Task description:
Start at the line below containing "f = (\<lambda>x." and stop at the line containing "(\<Sum>(a, b) \<in>". Repeat every line of that stretch exactly, and nothing outside it.

Dataset extract:
-=-=-
(* Let $\mathcal G$ be an ample groupoid and $S$ a semifield. If the Steinberg algebra $A_S(\mathcal G)$ is congruence-simple, then (1) $S$ is either a field or the Boolean semifield $\mathbb B$, and (2) $\mathcal G$ is both minimal and effective.
   Context: A semifield is a nontrivial commutative semiring (commutative monoid addition with $0$, commutative associative multiplication with $1$, distributivity, $0$ absorbing) in which every nonzero element has a multiplicative inverse. $\mathbb B=(\{0,1\},\text{or},\text{and})$. A congruence on a hemiring $R$ is an equivalence relation $\sim$ such that $r\sim s$ implies $t+r\sim t+s$, $tr\sim ts$, $rt\sim st$ for all $t$; $R$ is congruence-simple if its only congruences are $R\times R$ and the diagonal. An ample groupoid is a topological groupoid whose unit space $\mathcal G^{(0)}$ is locally compact Hausdorff and totally disconnected and whose source and range maps $s,r$ are local homeomorphisms ($\mathcal G$ need not be Hausdorff). A subset $D\subseteq\mathcal G^{(0)}$ is invariant if $s(\gamma)\in D$ implies $r(\gamma)\in D$ for all $\gamma$. $\mathcal G$ is minimal if $\mathcal G^{(0)}$ has no open invariant subsets other than $\varnothing$ and $\mathcal G^{(0)}$. $\mathcal G$ is effective if the interior of the isotropy subgroupoid $\operatorname{Iso}(\mathcal G)=\{\gamma: s(\gamma)=r(\gamma)\}$ equals $\mathcal G^{(0)}$. The Steinberg algebra $A_S(\mathcal G)$ is the set of functions $\mathcal G\to S$ of the form $\sum_{U\in F}s_U1_U$ with $F$ a finite set of compact open bisections (subsets on which $s,r$ are homeomorphisms onto their images), with pointwise addition and convolution $(f*g)(\gamma)=\sum_{\alpha\beta=\gamma}f(\alpha)g(\beta)$. *)

theory Defs
  imports "HOL-Analysis.Analysis"
begin

definition semifield_ax :: "'s::comm_semiring_1 itself \<Rightarrow> bool" where
  "semifield_ax _ \<longleftrightarrow> (\<forall>x::'s. x \<noteq> 0 \<longrightarrow> (\<exists>y. x * y = 1))"

definition is_field_sf :: "'s::comm_semiring_1 itself \<Rightarrow> bool" where
  "is_field_sf _ \<longleftrightarrow> semifield_ax TYPE('s) \<and> (\<forall>x::'s. \<exists>y. x + y = 0)"

definition is_boolean_sf :: "'s::comm_semiring_1 itself \<Rightarrow> bool" where
  "is_boolean_sf _ \<longleftrightarrow> (\<exists>f :: 's \<Rightarrow> bool. bij f \<and> f 0 = False \<and> f 1 = True \<and>
      (\<forall>x y. f (x + y) = (f x \<or> f y) \<and> f (x * y) = (f x \<and> f y)))"

text \<open>A groupoid with arrow set topspace T, source s, range r, partial multiplication m
(m a b defined when s a = r b) and inverse i. Units are elements of G.\<close>

definition composable_pairs :: "'g topology \<Rightarrow> ('g \<Rightarrow> 'g) \<Rightarrow> ('g \<Rightarrow> 'g) \<Rightarrow> ('g \<times> 'g) set" where
  "composable_pairs T s r = {(a, b). a \<in> topspace T \<and> b \<in> topspace T \<and> s a = r b}"

definition unit_space :: "'g topology \<Rightarrow> ('g \<Rightarrow> 'g) \<Rightarrow> 'g set" where
  "unit_space T s = s ` topspace T"

definition groupoid :: "'g set \<Rightarrow> ('g \<Rightarrow> 'g) \<Rightarrow> ('g \<Rightarrow> 'g) \<Rightarrow> ('g \<Rightarrow> 'g \<Rightarrow> 'g) \<Rightarrow> ('g \<Rightarrow> 'g) \<Rightarrow> bool" where
  "groupoid G s r m i \<longleftrightarrow>
     (\<forall>g\<in>G. s g \<in> G \<and> r g \<in> G \<and> i g \<in> G
        \<and> s (s g) = s g \<and> r (s g) = s g \<and> s (r g) = r g \<and> r (r g) = r g
        \<and> m (r g) g = g \<and> m g (s g) = g
        \<and> s (i g) = r g \<and> r (i g) = s g \<and> m g (i g) = r g \<and> m (i g) g = s g)
   \<and> (\<forall>a\<in>G. \<forall>b\<in>G. s a = r b \<longrightarrow> m a b \<in> G \<and> s (m a b) = s b \<and> r (m a b) = r a)
   \<and> (\<forall>a\<in>G. \<forall>b\<in>G. \<forall>c\<in>G. s a = r b \<longrightarrow> s b = r c \<longrightarrow> m (m a b) c = m a (m b c))"

definition local_homeo :: "'a topology \<Rightarrow> 'b topology \<Rightarrow> ('a \<Rightarrow> 'b) \<Rightarrow> bool" where
  "local_homeo X Y f \<longleftrightarrow> f ` topspace X \<subseteq> topspace Y \<and>
     (\<forall>x\<in>topspace X. \<exists>U. openin X U \<and> x \<in> U \<and> openin Y (f ` U) \<and>
        homeomorphic_map (subtopology X U) (subtopology Y (f ` U)) f)"

definition totally_disconnected_space :: "'a topology \<Rightarrow> bool" where
  "totally_disconnected_space X \<longleftrightarrow> (\<forall>x\<in>topspace X. connected_component_of_set X x = {x})"

definition ample_groupoid ::
  "'g topology \<Rightarrow> ('g \<Rightarrow> 'g) \<Rightarrow> ('g \<Rightarrow> 'g) \<Rightarrow> ('g \<Rightarrow> 'g \<Rightarrow> 'g) \<Rightarrow> ('g \<Rightarrow> 'g) \<Rightarrow> bool" where
  "ample_groupoid T s r m i \<longleftrightarrow>
     groupoid (topspace T) s r m i
   \<and> continuous_map (subtopology (prod_topology T T) (composable_pairs T s r)) T (\<lambda>(a, b). m a b)
   \<and> continuous_map T T i
   \<and> locally_compact_space (subtopology T (unit_space T s))
   \<and> Hausdorff_space (subtopology T (unit_space T s))
   \<and> totally_disconnected_space (subtopology T (unit_space T s))
   \<and> local_homeo T (subtopology T (unit_space T s)) s
   \<and> local_homeo T (subtopology T (unit_space T s)) r"

definition compact_open_bisection ::
  "'g topology \<Rightarrow> ('g \<Rightarrow> 'g) \<Rightarrow> ('g \<Rightarrow> 'g) \<Rightarrow> 'g set \<Rightarrow> bool" where
  "compact_open_bisection T s r U \<longleftrightarrow> openin T U \<and> compactin T U
     \<and> homeomorphic_map (subtopology T U) (subtopology T (s ` U)) s
     \<and> homeomorphic_map (subtopology T U) (subtopology T (r ` U)) r"

definition invariant_set :: "'g topology \<Rightarrow> ('g \<Rightarrow> 'g) \<Rightarrow> ('g \<Rightarrow> 'g) \<Rightarrow> 'g set \<Rightarrow> bool" where
  "invariant_set T s r D \<longleftrightarrow> D \<subseteq> unit_space T s \<and>
     (\<forall>g\<in>topspace T. s g \<in> D \<longrightarrow> r g \<in> D)"

definition minimal_groupoid :: "'g topology \<Rightarrow> ('g \<Rightarrow> 'g) \<Rightarrow> ('g \<Rightarrow> 'g) \<Rightarrow> bool" where
  "minimal_groupoid T s r \<longleftrightarrow>
     (\<forall>D. openin (subtopology T (unit_space T s)) D \<and> invariant_set T s r D
          \<longrightarrow> D = {} \<or> D = unit_space T s)"

definition isotropy :: "'g topology \<Rightarrow> ('g \<Rightarrow> 'g) \<Rightarrow> ('g \<Rightarrow> 'g) \<Rightarrow> 'g set" where
  "isotropy T s r = {g \<in> topspace T. s g = r g}"

definition effective_groupoid :: "'g topology \<Rightarrow> ('g \<Rightarrow> 'g) \<Rightarrow> ('g \<Rightarrow> 'g) \<Rightarrow> bool" where
  "effective_groupoid T s r \<longleftrightarrow> T interior_of (isotropy T s r) = unit_space T s"

definition steinberg_algebra ::
  "'g topology \<Rightarrow> ('g \<Rightarrow> 'g) \<Rightarrow> ('g \<Rightarrow> 'g) \<Rightarrow> 's::comm_semiring_1 itself \<Rightarrow> ('g \<Rightarrow> 's) set" where
  "steinberg_algebra T s r _ =
     {f. \<exists>F c. finite F \<and> (\<forall>U\<in>F. compact_open_bisection T s r U) \<and>
           f = (\<lambda>x. \<Sum>U\<in>F. c U * (if x \<in> U then 1 else 0))}"

text \<open>The sum is taken over the pairs with f a \<noteq> 0 and g b \<noteq> 0 (the other terms vanish);
for elements of the Steinberg algebra this index set is finite.\<close>
definition convolution ::
  "'g topology \<Rightarrow> ('g \<Rightarrow> 'g) \<Rightarrow> ('g \<Rightarrow> 'g) \<Rightarrow> ('g \<Rightarrow> 'g \<Rightarrow> 'g) \<Rightarrow>
   ('g \<Rightarrow> 's::comm_semiring_1) \<Rightarrow> ('g \<Rightarrow> 's) \<Rightarrow> 'g \<Rightarrow> 's" where
  "convolution T s r m f g x =
     (\<Sum>(a, b) \<in> {(a, b) \<in> composable_pairs T s r. m a b = x \<and> f a \<noteq> 0 \<and> g b \<noteq> 0}. f a * g b)"

definition hemiring_congruence :: "'a set \<Rightarrow> ('a \<Rightarrow> 'a \<Rightarrow> 'a) \<Rightarrow> ('a \<Rightarrow> 'a \<Rightarrow> 'a) \<Rightarrow> ('a \<times> 'a) set \<Rightarrow> bool" where
  "hemiring_congruence A add mul R \<longleftrightarrow> equiv A R \<and>
     (\<forall>(x, y)\<in>R. \<forall>t\<in>A. (add t x, add t y) \<in> R \<and> (mul t x, mul t y) \<in> R \<and> (mul x t, mul y t) \<in> R)"

definition congruence_simple :: "'a set \<Rightarrow> ('a \<Rightarrow> 'a \<Rightarrow> 'a) \<Rightarrow> ('a \<Rightarrow> 'a \<Rightarrow> 'a) \<Rightarrow> bool" where
  "congruence_simple A add mul \<longleftrightarrow>
     (\<forall>R. hemiring_congruence A add mul R \<longrightarrow> R = A \<times> A \<or> R = Id_on A)"

end

theory Submission
  imports Defs
begin
section \<open>Bounded preimages under operators with closed range\<close>

lemma Baire_closed_cover:
  assumes "completely_metrizable_space X" "topspace X \<noteq> {}"
    and "\<And>n::nat. closedin X (G n)" "topspace X \<subseteq> (\<Union>n. G n)"
  shows "\<exists>n. X interior_of G n \<noteq> {}"
proof -
  have "(\<Union>n. G n) = topspace X"
    using assms(3,4) closedin_subset by blast
  then have "X interior_of (\<Union>n. G n) \<noteq> {}"
    using assms(2) interior_of_topspace[of X] by simp
  moreover have "X interior_of (\<Union>n. G n) = {}" if "\<forall>n. X interior_of G n = {}"
    using that assms(3) by (intro Baire_category_alt[OF disjI1[OF assms(1)]]) auto
  ultimately show ?thesis
    by blast
qed

lemma closed_range_baire:
  fixes T :: "'a::real_normed_vector \<Rightarrow> 'b::{real_normed_vector,complete_space}"
  assumes "closed (range T)"
  obtains n y0 r where "0 < r" "y0 \<in> range T" "range T \<inter> ball y0 r \<subseteq> closure (T ` cball 0 (real n))"
proof -
  define X where "X = top_of_set (range T)"
  define G where "G n = range T \<inter> closure (T ` cball 0 (real n))" for n
  have "completely_metrizable_space X"
    unfolding X_def
    by (rule completely_metrizable_space_closedin[OF completely_metrizable_space_euclidean])
      (rule assms[unfolded closed_closedin])
  moreover have "closedin X (G n)" for n
    unfolding X_def G_def by (rule closedin_closed_Int) simp
  moreover have "T x \<in> G (nat \<lceil>norm x\<rceil>)" for x
  proof -
    have "x \<in> cball 0 (real (nat \<lceil>norm x\<rceil>))"
      by (simp add: real_nat_ceiling_ge)
    then show ?thesis
      unfolding G_def by (intro IntI rangeI closure_subset[THEN subsetD] imageI)
  qed
  then have "topspace X \<subseteq> (\<Union>n. G n)"
    by (auto simp: X_def)
  ultimately obtain n where "X interior_of G n \<noteq> {}"
    using Baire_closed_cover[of X G] by (auto simp: X_def)
  then obtain U y0 where "openin X U" "y0 \<in> U" "U \<subseteq> G n"
    unfolding interior_of_def by blast
  then obtain V where "open V" "U = range T \<inter> V"
    unfolding X_def openin_open by blast
  then obtain r where "0 < r" "ball y0 r \<subseteq> V"
    using \<open>y0 \<in> U\<close> open_contains_ball by blast
  show ?thesis
  proof (rule that)
    show "0 < r"
      by fact
    show "y0 \<in> range T" "range T \<inter> ball y0 r \<subseteq> closure (T ` cball 0 (real n))"
      using \<open>ball y0 r \<subseteq> V\<close> \<open>y0 \<in> U\<close> \<open>U \<subseteq> G n\<close> \<open>U = range T \<inter> V\<close>
      unfolding G_def by blast+
  qed
qed

lemma approx_preimage_near_zero:
  fixes T :: "'a::real_normed_vector \<Rightarrow> 'b::real_normed_vector"
  assumes "linear T" "y0 \<in> range T" "range T \<inter> ball y0 r \<subseteq> closure (T ` cball 0 K)"
    and "y \<in> range T" "norm y < r" "0 < e"
  shows "\<exists>x. norm x \<le> 2 * K \<and> norm (y - T x) < e"
proof -
  have "y0 + y \<in> range T"
    using assms(1,2,4) by (auto simp: linear_add[OF assms(1), symmetric])
  moreover have "y0 + y \<in> ball y0 r"
    using assms(5) by (simp add: dist_norm)
  ultimately have "y0 + y \<in> closure (T ` cball 0 K)"
    using assms(3) by blast
  then obtain u1 where "u1 \<in> T ` cball 0 K" "dist u1 (y0 + y) < e / 2"
    using \<open>0 < e\<close> unfolding closure_approachable by (meson half_gt_zero)
  then obtain x1 where x1: "norm x1 \<le> K" "dist (T x1) (y0 + y) < e / 2"
    by auto
  have "y0 \<in> closure (T ` cball 0 K)"
    using assms(2,3,5) by (auto simp: le_less_trans[OF norm_ge_zero])
  then obtain u2 where "u2 \<in> T ` cball 0 K" "dist u2 y0 < e / 2"
    using \<open>0 < e\<close> unfolding closure_approachable by (meson half_gt_zero)
  then obtain x2 where x2: "norm x2 \<le> K" "dist (T x2) y0 < e / 2"
    by auto
  have "norm (x1 - x2) \<le> 2 * K"
    using norm_triangle_ineq4[of x1 x2] x1(1) x2(1) by linarith
  moreover have "norm (y - T (x1 - x2)) < e"
  proof -
    have "y - T (x1 - x2) = (y0 + y - T x1) - (y0 - T x2)"
      by (simp add: linear_diff[OF assms(1)])
    then have "norm (y - T (x1 - x2)) \<le> dist (T x1) (y0 + y) + dist (T x2) y0"
      by (metis dist_commute dist_norm norm_triangle_ineq4)
    then show ?thesis
      using x1(2) x2(2) by linarith
  qed
  ultimately show ?thesis
    by blast
qed
(* Let $\mathcal{H}$ be a complex Hilbert space and $A,B,X\in\mathcal{B}(\mathcal{H})$. Then \[ \omega(A^{*}XB)\leq \frac{1}{4}\|AA^{*}X+XBB^{*}\|+\frac{1}{2}\,\omega\!\left(\begin{bmatrix} XBA^{*}&0\\ 0& BA^{*}X \end{bmatrix}\right), \] where the $2\times 2$ operator matrix acts on $\mathcal{H}\oplus\mathcal{H}$.
   Context: $\omega(T)=\sup\{|\langle Tx,x\rangle|:\|x\|=1\}$ denotes the numerical radius and $\|\cdot\|$ the operator norm. *)

theory Defs
  imports "HOL-Analysis.Analysis"
begin

class complex_inner = real_normed_vector +
  fixes scaleC :: "complex \<Rightarrow> 'a \<Rightarrow> 'a"
    and cinner :: "'a \<Rightarrow> 'a \<Rightarrow> complex"
  assumes scaleC_add_right: "scaleC c (x + y) = scaleC c x + scaleC c y"
    and scaleC_add_left: "scaleC (c + d) x = scaleC c x + scaleC d x"
    and scaleC_scaleC: "scaleC c (scaleC d x) = scaleC (c * d) x"
    and scaleC_one: "scaleC 1 x = x"
    and scaleR_scaleC: "scaleR r x = scaleC (complex_of_real r) x"
    and cinner_commute: "cinner x y = cnj (cinner y x)"
    and cinner_add_left: "cinner (x + y) z = cinner x z + cinner y z"
    and cinner_scaleC_left: "cinner (scaleC c x) y = cnj c * cinner x y"
    and cinner_self_eq_zero: "cinner x x = 0 \<longleftrightarrow> x = 0"
    and norm_eq_sqrt_cinner: "norm x = sqrt (Re (cinner x x))"

class chilbert_space = complex_inner + complete_space

definition bounded_op :: "('a::complex_inner \<Rightarrow> 'a) \<Rightarrow> bool" where
  "bounded_op T \<longleftrightarrow> bounded_linear T \<and> (\<forall>c x. T (scaleC c x) = scaleC c (T x))"

definition cadjoint :: "('a::complex_inner \<Rightarrow> 'a) \<Rightarrow> ('a \<Rightarrow> 'a)" where
  "cadjoint T = (THE S. \<forall>x y. cinner (T x) y = cinner x (S y))"

text \<open>Numerical radius  w(T) = sup { |<T x, x>| : ||x|| = 1 }.  (0 is inserted only so
that the supremum is also 0 on the trivial space, where there are no unit vectors;
all values are nonnegative, so this does not change anything otherwise.)\<close>
definition numerical_radius :: "('a::complex_inner \<Rightarrow> 'a) \<Rightarrow> real" where
  "numerical_radius T = Sup (insert 0 {cmod (cinner (T x) x) | x. norm x = 1})"

text \<open>The direct sum H (+) H, realised as the product type with the componentwise
complex structure and inner product <(x1,y1),(x2,y2)> = <x1,x2> + <y1,y2>.\<close>

instantiation prod :: (complex_inner, complex_inner) complex_inner
begin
-=-=-
Task answer:
           f = (\<lambda>x. \<Sum>U\<in>F. c U * (if x \<in> U then 1 else 0))}"

text \<open>The sum is taken over the pairs with f a \<noteq> 0 and g b \<noteq> 0 (the other terms vanish);
for elements of the Steinberg algebra this index set is finite.\<close>
definition convolution ::
  "'g topology \<Rightarrow> ('g \<Rightarrow> 'g) \<Rightarrow> ('g \<Rightarrow> 'g) \<Rightarrow> ('g \<Rightarrow> 'g \<Rightarrow> 'g) \<Rightarrow>
   ('g \<Rightarrow> 's::comm_semiring_1) \<Rightarrow> ('g \<Rightarrow> 's) \<Rightarrow> 'g \<Rightarrow> 's" where
  "convolution T s r m f g x =
     (\<Sum>(a, b) \<in> {(a, b) \<in> composable_pairs T s r. m a b = x \<and> f a \<noteq> 0 \<and> g b \<noteq> 0}. f a * g b)"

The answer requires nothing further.